Daniel Day-Lewis in There Will Be Blood.Courtesy of Paramount
‘There Will Be Blood’ Wins L.A. Film Critics; Which New York Wave Director Will Sweep the NYFCA?
Over the weekend the Los Angeles Film Critics Association crowned Paul Thomas Anderson’s There Will Be Blood, giving it their Best Picture, Best Director, and Best Actor awards. The kudos raise Blood’s profile and certainly help its Oscar chances, though Blood falls squarely in the LAFCA tradition of manly yet artsy films that are a little bit too obscure to win the big prize. The L.A. critics often serve as a launching pad for difficult-to-market movies to make their way to Best Picture nominations — Letters From Iwo Jima, Brokeback Mountain, Sideways, and In the Bedroom, most recently. The last LAFCA winner to win Best Picture, though, was Schindler’s List, and we don’t think a two-and-a-half-hour movie about a brutal oil baron in nineteenth-century California is going to break that streak.

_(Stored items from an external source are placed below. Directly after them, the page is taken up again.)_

lemma pos_nth:
  assumes "distinct xs" "k < length xs"
  shows "pos xs (xs ! k) = Suc k"
proof -
  have "(LEAST m. m < length xs \<and> xs ! m = xs ! k) = k"
    by (rule Least_equality) (use assms nth_eq_iff_index_eq in \<open>auto simp: not_le\<close>)
  then show ?thesis by (simp add: pos_def)
qed

lemma lin_ext_iff_sorted:
  "\<pi> \<in> lin_ext n le \<longleftrightarrow> is_perm n \<pi> \<and> sorted_wrt (\<lambda>a b. \<not> le b a) \<pi>"
proof (cases "is_perm n \<pi>")
  case True
  then have d: "distinct \<pi>" and s: "set \<pi> = {1..n}"
    by (auto simp: is_perm_def)
  have "(\<forall>x\<in>set \<pi>. \<forall>y\<in>set \<pi>. prec le x y \<longrightarrow> pos \<pi> x < pos \<pi> y) \<longleftrightarrow>
      (\<forall>j k. j < k \<longrightarrow> k < length \<pi> \<longrightarrow> \<not> le (\<pi> ! k) (\<pi> ! j))"
  proof safe
    fix j k
    assume L: "\<forall>x\<in>set \<pi>. \<forall>y\<in>set \<pi>. prec le x y \<longrightarrow> pos \<pi> x < pos \<pi> y"
      and jk: "j < k" "k < length \<pi>" and "le (\<pi> ! k) (\<pi> ! j)"
    then have "prec le (\<pi> ! k) (\<pi> ! j)"
      using nth_eq_iff_index_eq[OF d] by (auto simp: prec_def)
    with L jk have "pos \<pi> (\<pi> ! k) < pos \<pi> (\<pi> ! j)"
      by simp
    with jk show False
      by (simp add: pos_nth[OF d])
  next
    fix x y
    assume S: "\<forall>j k. j < k \<longrightarrow> k < length \<pi> \<longrightarrow> \<not> le (\<pi> ! k) (\<pi> ! j)"
      and "x \<in> set \<pi>" "y \<in> set \<pi>" "prec le x y"
    then obtain j k where jk: "j < length \<pi>" "k < length \<pi>" "x = \<pi> ! j" "y = \<pi> ! k"
      and "le (\<pi> ! j) (\<pi> ! k)" "j \<noteq> k"
      by (auto simp: in_set_conv_nth prec_def)
    with S have "j < k"
      by (meson linorder_neqE_nat)
    with jk show "pos \<pi> x < pos \<pi> y"
      by (simp add: pos_nth[OF d])
  qed
  with True s show ?thesis
    by (simp add: lin_ext_def sorted_wrt_iff_nth_less)
qed (simp add: lin_ext_def)

lemma dhat_eq_bubble:
  assumes "distinct (A @ i # ys)"
  shows "dhat le (A @ i # ys) i = A @ bubble le i ys"
proof -
  have "pos (A @ i # ys) i = Suc (length A)"
    using pos_nth[OF assms, of "length A"] by simp
  then show ?thesis
    unfolding dhat_def dpart_def by (simp only: foldl_tau_eq_bubble)
qed

lemma lin_ext_append_bubble:
  assumes "A @ c # ys \<in> lin_ext n le"
  shows "A @ bubble le c ys \<in> lin_ext n le"
proof -
  have "is_perm n (A @ c # ys)" and sorted: "sorted_wrt (\<lambda>a b. \<not> le b a) (A @ c # ys)"
    using assms by (simp_all add: lin_ext_iff_sorted)
  then have "is_perm n (A @ bubble le c ys)"
    by (auto simp: is_perm_def)
  moreover have "sorted_wrt (\<lambda>a b. \<not> le b a) (A @ bubble le c ys)"
    using sorted sorted_bubble[of le c ys] by (auto simp: sorted_wrt_append)
  ultimately show ?thesis
    by (simp add: lin_ext_iff_sorted)
qed

lemma lin_ext_dhat:
  assumes "\<pi> \<in> lin_ext n le" "i \<in> {1..n}"
  shows "dhat le \<pi> i \<in> lin_ext n le"
proof -
  have perm: "is_perm n \<pi>"
    using assms(1) by (simp add: lin_ext_iff_sorted)
  with assms(2) obtain A B where \<pi>: "\<pi> = A @ i # B"
    by (metis is_perm_def split_list)
  with perm have "dhat le \<pi> i = A @ bubble le i B"
    by (simp add: dhat_eq_bubble is_perm_def)
  with assms(1) show ?thesis
    unfolding \<pi> by (simp add: lin_ext_append_bubble)
qed

lemma poset_on_refl:
  assumes "poset_on n le" "x \<in> {1..n}"
  shows "le x x"
proof -
  have "\<forall>x\<in>{1..n}. le x x"
    using assms(1) unfolding poset_on_def by (elim conjE)
  with assms(2) show ?thesis by blast
qed

lemma poset_on_trans:
  assumes "poset_on n le" "x \<in> {1..n}" "y \<in> {1..n}" "z \<in> {1..n}" "le x y" "le y z"
  shows "le x z"
proof -
  have "\<forall>x\<in>{1..n}. \<forall>y\<in>{1..n}. \<forall>z\<in>{1..n}. le x y \<and> le y z \<longrightarrow> le x z"
    using assms(1) unfolding poset_on_def by (elim conjE)
  with assms(2-) show ?thesis by blast
qed

lemma letter_dhat_fixed:
  assumes po: "poset_on n le" and "\<pi> \<in> lin_ext n le" "i \<in> {1..n}" "k \<in> {1..n}"
    and "\<not> le i (letter (removeAll i \<pi> @ [i]) k)"
  shows "letter (dhat le \<pi> i) k = letter (removeAll i \<pi> @ [i]) k"
proof -
  have perm: "is_perm n \<pi>" and sorted: "sorted_wrt (\<lambda>a b. \<not> le b a) \<pi>"
    using assms(2) by (simp_all add: lin_ext_iff_sorted)
  with assms(3) obtain A B where \<pi>: "\<pi> = A @ i # B"
    by (metis is_perm_def split_list)
  with perm have distinct: "distinct (A @ i # B)" and set: "set (A @ i # B) = {1..n}"
    and len: "length (A @ B @ [i]) = n"
    by (simp_all add: is_perm_def)
  have \<rho>: "dhat le \<pi> i = A @ bubble le i B" and \<sigma>: "removeAll i \<pi> @ [i] = A @ B @ [i]"
    using \<pi> distinct by (simp_all add: dhat_eq_bubble)
  have "set (i # B) \<subseteq> {1..n}"
    unfolding set[symmetric] by auto
  moreover have "k - 1 < length (A @ B @ [i])"
    using assms(4) len by auto
  moreover have "sorted_wrt (\<lambda>a b. \<not> le b a) (i # B)"
    using sorted \<pi> by (simp add: sorted_wrt_append)
  ultimately show ?thesis
    using assms(5) unfolding letter_def \<rho> \<sigma>
    by (intro nth_append_bubble_fixed[where S = "{1..n}" and le = le and i = i and c = i,
          OF poset_on_trans[OF po] assms(3) _ poset_on_refl[OF po assms(3)]]) simp_all
qed

lemma is_perm_move_to_end:
  assumes "is_perm n \<pi>" "i \<in> set \<pi>"
  shows "is_perm n (removeAll i \<pi> @ [i])"
proof -
  have d: "distinct \<pi>" and s: "set \<pi> = {1..n}" and l: "length \<pi> = n"
    using assms(1) by (simp_all add: is_perm_def)
  have "length (removeAll i \<pi>) = length \<pi> - 1"
    using d assms(2) by (simp add: distinct_remove1_removeAll[symmetric] length_remove1)
  moreover have "length \<pi> > 0"
    using assms(2) by (cases \<pi>) simp_all
  moreover have "set (removeAll i \<pi> @ [i]) = set \<pi>"
    using assms(2) by auto
  ultimately show ?thesis
    using d s l by (simp add: is_perm_def distinct_removeAll)
qed

lemma letter_in_range:
  assumes "is_perm n \<sigma>" "k \<in> {1..n}"
  shows "letter \<sigma> k \<in> {1..n}"
proof -
  have "k - 1 < length \<sigma>"
    using assms by (auto simp: is_perm_def)
  then have "letter \<sigma> k \<in> set \<sigma>"
    unfolding letter_def by (rule nth_mem)
  with assms(1) show ?thesis
    by (simp add: is_perm_def)
qed

lemma natural_labeling_less:
  "natural_labeling n le \<Longrightarrow> x \<in> {1..n} \<Longrightarrow> y \<in> {1..n} \<Longrightarrow> prec le x y \<Longrightarrow> x < y"
  by (simp add: natural_labeling_def)

lemma rooted_forest_cover_unique:
  assumes "rooted_forest n le" "x \<in> {1..n}" "y \<in> {1..n}" "z \<in> {1..n}"
    and "covered_by n le x y" "covered_by n le x z"
  shows "y = z"
proof -
  have "\<forall>x\<in>{1..n}. \<forall>y\<in>{1..n}. \<forall>z\<in>{1..n}.
      covered_by n le x y \<and> covered_by n le x z \<longrightarrow> y = z"
    using assms(1) unfolding rooted_forest_def by (elim conjE)
  with assms(2-) show ?thesis by blast
qed

lemma covered_by_below:
  assumes po: "poset_on n le" and nat: "natural_labeling n le"
    and xy: "x \<in> {1..n}" "y \<in> {1..n}" "prec le x y"
  obtains z where "z \<in> {1..n}" "covered_by n le x z" "le z y"
proof -
  let ?P = "\<lambda>z. z \<in> {1..n} \<and> prec le x z \<and> le z y"
  define z where "z = (LEAST z. ?P z)"
  have Pz: "?P z"
    unfolding z_def by (intro LeastI[of ?P y]) (use xy poset_on_refl[OF po] in simp)
  have "covered_by n le x z"
    unfolding covered_by_def
  proof (intro conjI notI)
    show "prec le x z" using Pz by simp
  next
    assume "\<exists>w\<in>{1..n}. prec le x w \<and> prec le w z"
    then obtain w where w: "w \<in> {1..n}" "prec le x w" "prec le w z" by blast
    have "le w y"
      using Pz w(3) xy(2) by (intro poset_on_trans[OF po w(1), of z y]) (simp_all add: prec_def)
    with w have "z \<le> w"
      unfolding z_def by (intro Least_le) simp
    moreover have "w < z"
      using natural_labeling_less[OF nat w(1) _ w(3)] Pz by simp
    ultimately show False by simp
  qed
  with Pz that show ?thesis by blast
qed

lemma rooted_forest_upset_chain:
  assumes rf: "rooted_forest n le" and nat: "natural_labeling n le" and "i \<in> {1..n}"
    and "a \<in> {1..n}" "b \<in> {1..n}" "le i a" "le i b"
  shows "le a b \<or> le b a"
  using assms(3-)
proof (induction "n - i" arbitrary: i rule: less_induct)
  case less
  have po: "poset_on n le"
    using rf by (simp add: rooted_forest_def)
  show ?case
  proof (cases "a = i \<or> b = i")
    case True
    with less.prems show ?thesis by auto
  next
    case False
    with less.prems have "prec le i a" "prec le i b" by (auto simp: prec_def)
    \<comment> \<open>both a and b lie above the unique upper cover of i, whose label is larger\<close>
    obtain z where z: "z \<in> {1..n}" "covered_by n le i z" "le z a"
      using covered_by_below[OF po nat less.prems(1,2) \<open>prec le i a\<close>] .
    obtain z' where z': "z' \<in> {1..n}" "covered_by n le i z'" "le z' b"
      using covered_by_below[OF po nat less.prems(1,3) \<open>prec le i b\<close>] .
    have "z' = z"
      using rooted_forest_cover_unique[OF rf less.prems(1) z'(1) z(1) z'(2) z(2)] .
    have "i < z"
      using natural_labeling_less[OF nat less.prems(1) z(1)] z(2) by (simp add: covered_by_def)
    then have "n - z < n - i"
      using z(1) by auto
    with z z' \<open>z' = z\<close> less.prems(2,3) show ?thesis
      by (intro less.hyps) simp_all
  qed
qed
(* Let $k$ be a positive integer. In the perfect matching polytope of $K_{2k}$, the vertex set of any facet with the maximum number of vertices is the set of (characteristic vectors of) perfect matchings that do not contain some given edge $e$ of $K_{2k}$.
   Context: A perfect matching of $K_{2k}$ is a set of $k$ pairwise vertex-disjoint edges. The perfect matching polytope of $K_{2k}$ is the convex hull in $\mathbb{R}^{\binom{2k}{2}}$ (coordinates indexed by edges) of the characteristic vectors of all perfect matchings of $K_{2k}$; its vertices are exactly these characteristic vectors. A facet is a maximal proper face, and the size of a facet is its number of vertices. *)

theory Defs
  imports "HOL-Analysis.Analysis"
begin

text \<open>Vertices of the complete graph are the elements of a finite type 'v
  (so K_{2k} with 2k = CARD('v)).
  Coordinates are indexed by the type 'v set; only the coordinates at edges
  can be nonzero on the polytope.\<close>

definition edges_K :: "'v set set" where
  "edges_K = {e. card e = 2}"

definition perfect_matching :: "'v::finite set set \<Rightarrow> bool" where
  "perfect_matching M \<longleftrightarrow> M \<subseteq> edges_K \<and> card M = CARD('v) div 2 \<and>
     (\<forall>e\<in>M. \<forall>f\<in>M. e \<noteq> f \<longrightarrow> e \<inter> f = {})"

definition char_vec :: "'v::finite set set \<Rightarrow> real ^ ('v set)" where
  "char_vec M = (\<chi> e. if e \<in> M then 1 else 0)"

definition pm_vertices :: "(real ^ ('v::finite set)) set" where
  "pm_vertices = char_vec ` {M. perfect_matching M}"

definition pm_polytope :: "(real ^ ('v::finite set)) set" where
  "pm_polytope = convex hull pm_vertices"

definition is_facet :: "'a::real_vector set \<Rightarrow> 'a set \<Rightarrow> bool" where
  "is_facet F P \<longleftrightarrow> F face_of P \<and> F \<noteq> P \<and>
     (\<forall>G. G face_of P \<and> G \<noteq> P \<and> F \<subseteq> G \<longrightarrow> G = F)"

definition face_vertices :: "(real ^ ('v::finite set)) set \<Rightarrow> (real ^ ('v set)) set" where
  "face_vertices F = F \<inter> pm_vertices"

end

theory Submission
  imports Defs
begin

text \<open>
  A facet \<open>F\<close> of the perfect matching polytope is exposed by a weight function \<open>w\<close>: its
  vertices are the maximum-weight perfect matchings, and the set \<open>Z\<close> of lighter ones is
  nonempty because \<open>F\<close> is proper. The face \<open>x\<^sub>e = 0\<close> lies in a facet missing at most the
  \<open>(2k - 3)!!\<close> matchings through \<open>e\<close>, so a largest facet has \<open>|Z| \<le> (2k - 3)!!\<close>.

  The combinatorial core is that every nonempty \<open>Z\<close> has at least \<open>(2k - 3)!!\<close> elements,
  with equality only if \<open>Z\<close> consists of the matchings through one edge. If some edge lies in
  no maximum matching, all matchings through it are in \<open>Z\<close>. Otherwise \<open>|Z| > (2k - 3)!!\<close>,
  by induction on \<open>k\<close>: fix a vertex \<open>v\<close>. If at most one edge \<open>vu\<close> lies in maximum-weight
  matchings only, the induction hypothesis for \<open>K\<^sub>2\<^sub>k - v - u\<close>, summed over the other \<open>u\<close>, suffices.
  If two such edges \<open>va, vb\<close> exist, exchanging two edges of a matching for two others
  pins the weights down so rigidly that every matching avoiding \<open>va, vb, ab\<close> lies in \<open>Z\<close>.
\<close>

section \<open>Perfect matchings of a finite set\<close>

definition perfect_matching_on :: "'a set \<Rightarrow> 'a set set \<Rightarrow> bool" where
  "perfect_matching_on S M \<longleftrightarrow>
     (\<forall>e\<in>M. card e = 2 \<and> e \<subseteq> S) \<and> (\<forall>e\<in>M. \<forall>f\<in>M. e \<noteq> f \<longrightarrow> e \<inter> f = {}) \<and> \<Union>M = S"

definition pms :: "'a set \<Rightarrow> 'a set set set" where
  "pms S = {M. perfect_matching_on S M}"

definition pms_with :: "'a set \<Rightarrow> 'a set \<Rightarrow> 'a set set set" where
  "pms_with S e = {M \<in> pms S. e \<in> M}"

fun pm_count :: "nat \<Rightarrow> nat" where
  "pm_count 0 = 1"
| "pm_count (Suc n) = (2 * n + 1) * pm_count n"

lemma pm_count_pos: "0 < pm_count n"
  by (induction n) auto

lemma perfect_matching_on_edge:
  "perfect_matching_on S M \<Longrightarrow> e \<in> M \<Longrightarrow> card e = 2 \<and> e \<subseteq> S"
  unfolding perfect_matching_on_def by auto

lemma perfect_matching_on_disjoint:
  "perfect_matching_on S M \<Longrightarrow> e \<in> M \<Longrightarrow> f \<in> M \<Longrightarrow> e \<noteq> f \<Longrightarrow> e \<inter> f = {}"
  unfolding perfect_matching_on_def by auto

lemma perfect_matching_on_partner_unique:
  assumes "perfect_matching_on S M" "{v, u} \<in> M" "{v, u'} \<in> M"
  shows "u = u'"
  using perfect_matching_on_disjoint[OF assms] by (auto simp: doubleton_eq_iff)

lemma perfect_matching_on_partner:
  assumes "perfect_matching_on S M" "v \<in> S"
  obtains u where "{v, u} \<in> M" "u \<noteq> v" "u \<in> S"
proof -
  obtain e where e: "e \<in> M" "v \<in> e"
    using assms unfolding perfect_matching_on_def by auto
  then have "card e = 2" "e \<subseteq> S"
    using perfect_matching_on_edge[OF assms(1)] by auto
  then obtain u where "e = {v, u}" "u \<noteq> v"
    using e(2) by (auto simp: card_2_iff doubleton_eq_iff)
  then show thesis
    using that e(1) \<open>e \<subseteq> S\<close> by auto
qed

lemma finite_pms: "finite S \<Longrightarrow> finite (pms S)"
  by (rule finite_subset[of _ "Pow (Pow S)"]) (auto simp: pms_def perfect_matching_on_def)

lemma perfect_matching_on_finite: "finite S \<Longrightarrow> perfect_matching_on S M \<Longrightarrow> finite M"
  by (rule finite_subset[of _ "Pow S"]) (auto simp: perfect_matching_on_def)

lemma pms_empty: "pms {} = {{}}"
  by (auto simp: pms_def perfect_matching_on_def)

lemma perfect_matching_on_insert:
  assumes "perfect_matching_on (S - e) N" "e \<subseteq> S" "card e = 2"
  shows "perfect_matching_on S (insert e N)" "e \<notin> N"
proof -
  have N: "\<forall>f\<in>N. card f = 2 \<and> f \<subseteq> S - e" "\<forall>f\<in>N. \<forall>g\<in>N. f \<noteq> g \<longrightarrow> f \<inter> g = {}"
    "\<Union>N = S - e"
    using assms(1) unfolding perfect_matching_on_def by auto
  have "e \<noteq> {}" using assms(3) by auto
  then show "e \<notin> N" using N(1) by auto
  show "perfect_matching_on S (insert e N)" unfolding perfect_matching_on_def
  proof (intro conjI)
    show "\<forall>f\<in>insert e N. card f = 2 \<and> f \<subseteq> S" using N(1) assms by auto
    show "\<forall>f\<in>insert e N. \<forall>g\<in>insert e N. f \<noteq> g \<longrightarrow> f \<inter> g = {}"
      using N(1,2) by fast
    show "\<Union>(insert e N) = S" using N(3) assms(2) by auto
  qed
qed

lemma perfect_matching_on_Diff:
  assumes "perfect_matching_on S M" "e \<in> M"
  shows "perfect_matching_on (S - e) (M - {e})"
proof -
  have M: "\<forall>f\<in>M. card f = 2 \<and> f \<subseteq> S" "\<forall>f\<in>M. \<forall>g\<in>M. f \<noteq> g \<longrightarrow> f \<inter> g = {}" "\<Union>M = S"
    using assms(1) unfolding perfect_matching_on_def by auto
  have disj: "\<forall>f\<in>M - {e}. f \<inter> e = {}" using M(2) assms(2) by blast
  show ?thesis unfolding perfect_matching_on_def
  proof (intro conjI)
    show "\<forall>f\<in>M - {e}. card f = 2 \<and> f \<subseteq> S - e" using M(1) disj by blast
    show "\<forall>f\<in>M - {e}. \<forall>g\<in>M - {e}. f \<noteq> g \<longrightarrow> f \<inter> g = {}" using M(2) by blast
    show "\<Union>(M - {e}) = S - e" using M(1,3) disj by blast
  qed
qed

lemma perfect_matching_on_Un:
  assumes "perfect_matching_on A M" "perfect_matching_on B N" "A \<inter> B = {}"
  shows "perfect_matching_on (A \<union> B) (M \<union> N)"
proof -
  have M: "\<forall>e\<in>M. card e = 2 \<and> e \<subseteq> A" "\<forall>e\<in>M. \<forall>f\<in>M. e \<noteq> f \<longrightarrow> e \<inter> f = {}" "\<Union>M = A"
    and N: "\<forall>e\<in>N. card e = 2 \<and> e \<subseteq> B" "\<forall>e\<in>N. \<forall>f\<in>N. e \<noteq> f \<longrightarrow> e \<inter> f = {}" "\<Union>N = B"
    using assms(1,2) unfolding perfect_matching_on_def by auto
  have MN: "e \<inter> f = {}" "f \<inter> e = {}" if "e \<in> M" "f \<in> N" for e f
    using that M(1) N(1) assms(3) by blast+
  show ?thesis unfolding perfect_matching_on_def
  proof (intro conjI)
    show "\<forall>e\<in>M \<union> N. card e = 2 \<and> e \<subseteq> A \<union> B" using M(1) N(1) by blast
    show "\<forall>e\<in>M \<union> N. \<forall>f\<in>M \<union> N. e \<noteq> f \<longrightarrow> e \<inter> f = {}"
      using M(2) N(2) MN by blast
    show "\<Union>(M \<union> N) = A \<union> B" using M(3) N(3) by blast
  qed
qed

lemma pms_pair:
  assumes "v \<noteq> u"
  shows "pms {v, u} = {{{v, u}}}"
proof -
  have "M = {{v, u}}" if M: "perfect_matching_on {v, u} M" for M
  proof -
    obtain u' where u': "{v, u'} \<in> M" "u' \<noteq> v" "u' \<in> {v, u}"
      by (rule perfect_matching_on_partner[OF M insertI1])
    then have e: "{v, u} \<in> M" by (metis insertE singletonD)
    have "M - {{v, u}} \<in> pms {}"
      using perfect_matching_on_Diff[OF M e] by (simp add: pms_def)
    then have "M - {{v, u}} = {}" by (simp add: pms_empty)
    then show ?thesis using e by blast
  qed
  moreover have "perfect_matching_on {v, u} {{v, u}}"
    using assms by (simp add: perfect_matching_on_def)
  ultimately show ?thesis unfolding pms_def by blast
qed
lemma pcons_unif_alloc:
  assumes "0 < \<sigma>2" "0 \<le> R"
  shows "pcons N T 0 \<gamma> a (\<lambda>_. 0) k (unif_alloc N \<sigma>2 R k)
           = \<gamma> / N * \<sigma>2 powr a * (k * power_cost a (N * R / k))"
proof -
  have "unif_alloc N \<sigma>2 R k n powr a = \<sigma>2 powr a * power_cost a (N * R / k)" if "n < k" for n
    using that assms unfolding unif_alloc_def power_cost_def
    by (simp add: powr_mult ge_one_powr_ge_zero mult.commute)
  then show ?thesis unfolding pcons_def by simp
qed

lemma feasible_unif_alloc:
  assumes "1 \<le> k" "k \<le> N" "0 < \<sigma>2" "0 \<le> R"
  shows "feasible N \<sigma>2 R k (unif_alloc N \<sigma>2 R k)"
proof -
  have "log 2 (1 + unif_alloc N \<sigma>2 R k n / \<sigma>2) = R * N / k" if "n < k" for n
    using that assms unfolding unif_alloc_def by simp
  then have "(\<Sum>n<k. log 2 (1 + unif_alloc N \<sigma>2 R k n / \<sigma>2)) = R * N"
    using assms by simp
  then show ?thesis
    using assms unfolding feasible_def unif_alloc_def by (auto simp: ge_one_powr_ge_zero)
qed

lemma uniform_pcons_le_pcons:
  assumes a: "0 < a" "a \<le> 1" and "0 < \<sigma>2" "0 \<le> \<gamma>" "0 < R"
    and feas: "feasible N \<sigma>2 R k p"
  shows "\<exists>j. 1 \<le> j \<and> j \<le> k \<and>
           pcons N T 0 \<gamma> a (\<lambda>_. 0) j (unif_alloc N \<sigma>2 R j) \<le> pcons N T 0 \<gamma> a (\<lambda>_. 0) k p"
proof -
  define x where "x n = log 2 (1 + p n / \<sigma>2)" for n
  have p: "\<And>n. n < k \<Longrightarrow> 0 \<le> p n" and rate: "sum x {..<k} / N = R"
    using feas unfolding feasible_def x_def by auto
  have "N \<noteq> 0" using rate \<open>0 < R\<close> by (metis div_by_0 of_nat_0 less_irrefl)
  have "k \<noteq> 0" using rate \<open>0 < R\<close> by (metis div_0 lessThan_0 sum.empty less_irrefl)
  have sum_x: "sum x {..<k} = N * R" using rate \<open>N \<noteq> 0\<close> by (simp add: field_simps)
  have x: "0 \<le> x n" "p n powr a = \<sigma>2 powr a * power_cost a (x n)" if "n < k" for n
    using p[OF that] \<open>0 < \<sigma>2\<close> unfolding x_def power_cost_def
    by (simp_all add: add_pos_nonneg powr_divide)
  obtain j where j: "1 \<le> j" "j \<le> k"
      and le: "j * power_cost a (sum x {..<k} / j) \<le> (\<Sum>n<k. power_cost a (x n))"
    using uniform_power_cost_le_sum[OF a, of "{..<k}" x] x(1) \<open>k \<noteq> 0\<close> by auto
  have "pcons N T 0 \<gamma> a (\<lambda>_. 0) j (unif_alloc N \<sigma>2 R j)
      \<le> \<gamma> / N * \<sigma>2 powr a * (\<Sum>n<k. power_cost a (x n))"
    unfolding pcons_unif_alloc[OF \<open>0 < \<sigma>2\<close> less_imp_le[OF \<open>0 < R\<close>]] sum_x[symmetric]
    using le assms by (intro mult_left_mono) auto
  also have "\<dots> = pcons N T 0 \<gamma> a (\<lambda>_. 0) k p"
    unfolding pcons_def using x(2) by (simp add: sum_distrib_left mult.assoc)
  finally show ?thesis using j by blast
qed

lemma uniform_power_cost_unimodal:
  fixes j k :: nat
  assumes a: "0 < a" "a \<le> 1" and S: "0 < S"
    and y: "y = (if efficient_rate a = 0 then real N else min (S / efficient_rate a) (real N))"
  shows "1 \<le> j \<Longrightarrow> j \<le> k \<Longrightarrow> real k \<le> y \<Longrightarrow>
           k * power_cost a (S / k) \<le> j * power_cost a (S / j)"
    and "y \<le> real j \<Longrightarrow> j \<le> k \<Longrightarrow> k \<le> N \<Longrightarrow>
           j * power_cost a (S / j) \<le> k * power_cost a (S / k)"
proof -
  have uniform: "k * power_cost a (S / k) = S * cost_per_rate a (S / k)" if "1 \<le> k" for k :: nat
    using that S unfolding cost_per_rate_def by simp
  have Ra: "0 \<le> efficient_rate a" using efficient_rate_nonneg[OF a] .
  show "k * power_cost a (S / k) \<le> j * power_cost a (S / j)"
    if j: "1 \<le> j" "j \<le> k" and k: "real k \<le> y"
  proof -
    have "efficient_rate a \<le> S / k"
    proof (cases "efficient_rate a = 0")
      case False
      then have "real k \<le> S / efficient_rate a" using k y by simp
      then show ?thesis using j Ra False by (simp add: le_divide_eq mult.commute)
    qed (use S j in simp)
    moreover have "S / k \<le> S / j" using j S by (simp add: frac_le)
    ultimately have "cost_per_rate a (S / k) \<le> cost_per_rate a (S / j)"
      using S j by (intro cost_per_rate_mono[OF a]) auto
    then show ?thesis using uniform j S by simp
  qed
  show "j * power_cost a (S / j) \<le> k * power_cost a (S / k)"
    if j: "y \<le> real j" "j \<le> k" and k: "k \<le> N"
  proof (cases "j = k")
    case False
    then have "y < real N" using j k by simp
    then have "0 < efficient_rate a" "y = S / efficient_rate a"
      using y Ra by (auto split: if_splits)
    then have S_le: "S \<le> j * efficient_rate a" using j by (simp add: divide_le_eq)
    then have "1 \<le> j" using S by (cases j) auto
    moreover have "S / j \<le> efficient_rate a" using S_le \<open>1 \<le> j\<close> by (simp add: divide_le_eq mult.commute)
    moreover have "S / k \<le> S / j" using j S \<open>1 \<le> j\<close> by (simp add: frac_le)
    ultimately have "cost_per_rate a (S / j) \<le> cost_per_rate a (S / k)"
      using S j by (intro cost_per_rate_antimono[OF a]) auto
    then show ?thesis using uniform j \<open>1 \<le> j\<close> S by simp
  qed simp
qed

Meanwhile, the New York film critics meet this afternoon to choose their winners. Who will they choose? Typically New York picks differently than L.A. (though in recent years this has been less true), and often New York picks New York filmmakers instead of the creatures of Hollywood favored by L.A. So that suggests that if California-centric There Will Be Blood is picked by L.A., New York might pick a film by the New York Wave. We’re thinking No Country for Old Men, though maybe Julian Schnabel might sneak onto the list for The Diving Bell and the Butterfly? If it’s No Country, it’ll be quite a couple of days for producer Scott Rudin, who has a stake in both the Coens’ film and There Will Be Blood (and for whom, in the interests of full disclosure, one Vulture editor used to work).